WHAT YOU HAVE TO DO - Could you write out the opening lines of the data, word for word, stopping after the line that contains "w) = (fst x"?

DATA SHOWN -
theorem img_sub_trellis_split_vertex:
  assumes k: "k < r"
  shows "img_trellis n split_vertex (sub_trellis n (S k)) = copy_k n r k (sub_trellis n (S k))"
proof -
  have V: "split_vertex i ` Vt (sub_trellis n (S k)) i = inj_k r k ` Vt (sub_trellis n (S k)) i"
    if i: "i < n" for i
  proof (rule image_cong[OF refl])
    fix y assume "y \<in> Vt (sub_trellis n (S k)) i"
    then obtain x where "x \<in> S k" "y = fst x i"
      using mem_Vt_sub_trellis_iff[OF i] by blast
    then show "split_vertex i y = inj_k r k y"
      using split_vertex_S[OF k _ i] by simp
  qed
  have E: "{(split_vertex i v, \<alpha>, split_vertex (nxt n i) w) | v \<alpha> w.
              (v, \<alpha>, w) \<in> Et (sub_trellis n (S k)) i} =
           {(inj_k r k v, \<alpha>, inj_k r k w) | v \<alpha> w. (v, \<alpha>, w) \<in> Et (sub_trellis n (S k)) i}"
    if i: "i < n" for i
  proof -
    have "split_vertex i v = inj_k r k v \<and> split_vertex (nxt n i) w = inj_k r k w"
      if e: "(v, \<alpha>, w) \<in> Et (sub_trellis n (S k)) i" for v \<alpha> w
    proof -
      obtain x where "x \<in> S k" "(v, \<alpha>, w) = (fst x i, snd x i, fst x (nxt n i))"
        using e mem_Et_sub_trellis_iff[OF i] by blast
      then show ?thesis
        using split_vertex_S[OF k _ i] split_vertex_S[OF k _ nxt_less_n] by simp
    qed
    then show ?thesis
      by (intro Collect_cong) metis
  qed
  show ?thesis
    unfolding img_trellis_def copy_k_def using V E by (simp cong: if_cong)
qed

theorem S_eq_cycles_sub_trellis:
  assumes k: "k < r"
  shows "S k = cycles n (sub_trellis n (S k))"
proof
  show "S k \<subseteq> cycles n (sub_trellis n (S k))"
  proof
    fix x assume x: "x \<in> S k"
    then have "\<forall>i<n. (fst x i, snd x i, fst x (nxt n i)) \<in> Et (sub_trellis n (S k)) i"
      using mem_Et_sub_trellis_iff by blast
    moreover have "x \<in> cycles n T"
      using x S_subset_cycles[OF k] by blast
    ultimately show "x \<in> cycles n (sub_trellis n (S k))"
      by (simp add: mem_cycles_iff)
  qed
qed (rule cycles_sub_trellis_subset[OF k])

SOLUTION TO THE EXERCISE -
theorem img_sub_trellis_split_vertex:
  assumes k: "k < r"
  shows "img_trellis n split_vertex (sub_trellis n (S k)) = copy_k n r k (sub_trellis n (S k))"
proof -
  have V: "split_vertex i ` Vt (sub_trellis n (S k)) i = inj_k r k ` Vt (sub_trellis n (S k)) i"
    if i: "i < n" for i
  proof (rule image_cong[OF refl])
    fix y assume "y \<in> Vt (sub_trellis n (S k)) i"
    then obtain x where "x \<in> S k" "y = fst x i"
      using mem_Vt_sub_trellis_iff[OF i] by blast
    then show "split_vertex i y = inj_k r k y"
      using split_vertex_S[OF k _ i] by simp
  qed
  have E: "{(split_vertex i v, \<alpha>, split_vertex (nxt n i) w) | v \<alpha> w.
              (v, \<alpha>, w) \<in> Et (sub_trellis n (S k)) i} =
           {(inj_k r k v, \<alpha>, inj_k r k w) | v \<alpha> w. (v, \<alpha>, w) \<in> Et (sub_trellis n (S k)) i}"
    if i: "i < n" for i
  proof -
    have "split_vertex i v = inj_k r k v \<and> split_vertex (nxt n i) w = inj_k r k w"
      if e: "(v, \<alpha>, w) \<in> Et (sub_trellis n (S k)) i" for v \<alpha> w
    proof -
      obtain x where "x \<in> S k" "(v, \<alpha>, w) = (fst x i, snd x i, fst x (nxt n i))"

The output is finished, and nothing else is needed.